lemma p_iterate_in_closed:
  assumes p: "free_ultrafilter p" and x: "x \<in> X" and S: "closed S"
    and tail: "\<And>n. N \<le> n \<Longrightarrow> (f ^^ n) x \<in> S"
  shows "p_iterate p f x \<in> S"
proof (rule Lim_in_closed_set[OF S _ _ tendsto_p_iterate[OF p x]])
  have "eventually (\<lambda>n. (f ^^ n) x \<in> S) sequentially"
    using tail by (rule eventually_sequentiallyI)
  then show "eventually (\<lambda>n. (f ^^ n) x \<in> S) p"
    using p by (auto simp: free_ultrafilter_iff intro: filter_leD)
  show "p \<noteq> bot" using p by (simp add: free_ultrafilter_iff ultrafilter_def)
qed

lemma p_iterate_in_closure_orbit:
  assumes "free_ultrafilter p" "x \<in> X"
  shows "p_iterate p f x \<in> closure (orbit f x)"
  using assms closed_closure by (rule p_iterate_in_closed[where N = 0]) (simp add: closure_subset[THEN subsetD])

text \<open>An injective orbit accumulates at its p-limit, which is therefore a fixed point; otherwise
  the orbit ends in a cycle containing the p-limit.\<close>

lemma periodic_point_p_iterate:
  assumes p: "free_ultrafilter p" and x: "x \<in> X"
  shows "periodic_point f (p_iterate p f x)"
proof (cases "inj (\<lambda>n. (f ^^ n) x)")
  case True
  let ?y = "p_iterate p f x"
  have "?y islimpt X"
  proof (rule islimptI)
    fix T assume "?y \<in> T" "open T"
    with tendsto_p_iterate[OF p x] have "eventually (\<lambda>n. (f ^^ n) x \<in> T) p"
      by (simp add: topological_tendstoD)
    then have "infinite {n. (f ^^ n) x \<in> T}"
      using p by (rule free_ultrafilter_eventually_infinite[rotated])
    then have "infinite ((\<lambda>n. (f ^^ n) x) ` {n. (f ^^ n) x \<in> T} - {?y})"
      using True by (simp add: finite_image_iff inj_on_subset)
    then obtain z where "z \<in> (\<lambda>n. (f ^^ n) x) ` {n. (f ^^ n) x \<in> T}" "z \<noteq> ?y"
      using infinite_imp_nonempty by blast
    then show "\<exists>z\<in>X. z \<in> T \<and> z \<noteq> ?y" using funpow_in_X[OF x] by auto
  qed
  then have "f ?y = ?y" using fixed_if_limpt p_iterate_in_X[OF p x] by blast
  then show ?thesis unfolding periodic_point_def by (intro exI[of _ 1]) simp
next
  case False
  then obtain i where i: "periodic_point f ((f ^^ i) x)"
    by (rule periodic_point_funpow_if_not_inj)
  have "closed (orbit f ((f ^^ i) x))"
    using i by (intro finite_imp_closed finite_orbit_if_periodic_point)
  with p x have "p_iterate p f x \<in> orbit f ((f ^^ i) x)"
    by (rule p_iterate_in_closed) (rule funpow_in_orbit_funpow)
  then show ?thesis using i by (auto elim!: orbitE intro: periodic_point_funpow)
qed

= = = = = = =

▶ [YOUR OBJECTIVE]
Search the listing for the word "auto" and return each line that holds it.

▶ [ANSWER SPACE]
    using p by (auto simp: free_ultrafilter_iff intro: filter_leD)
    then show "\<exists>z\<in>X. z \<in> T \<and> z \<noteq> ?y" using funpow_in_X[OF x] by auto
  then show ?thesis using i by (auto elim!: orbitE intro: periodic_point_funpow)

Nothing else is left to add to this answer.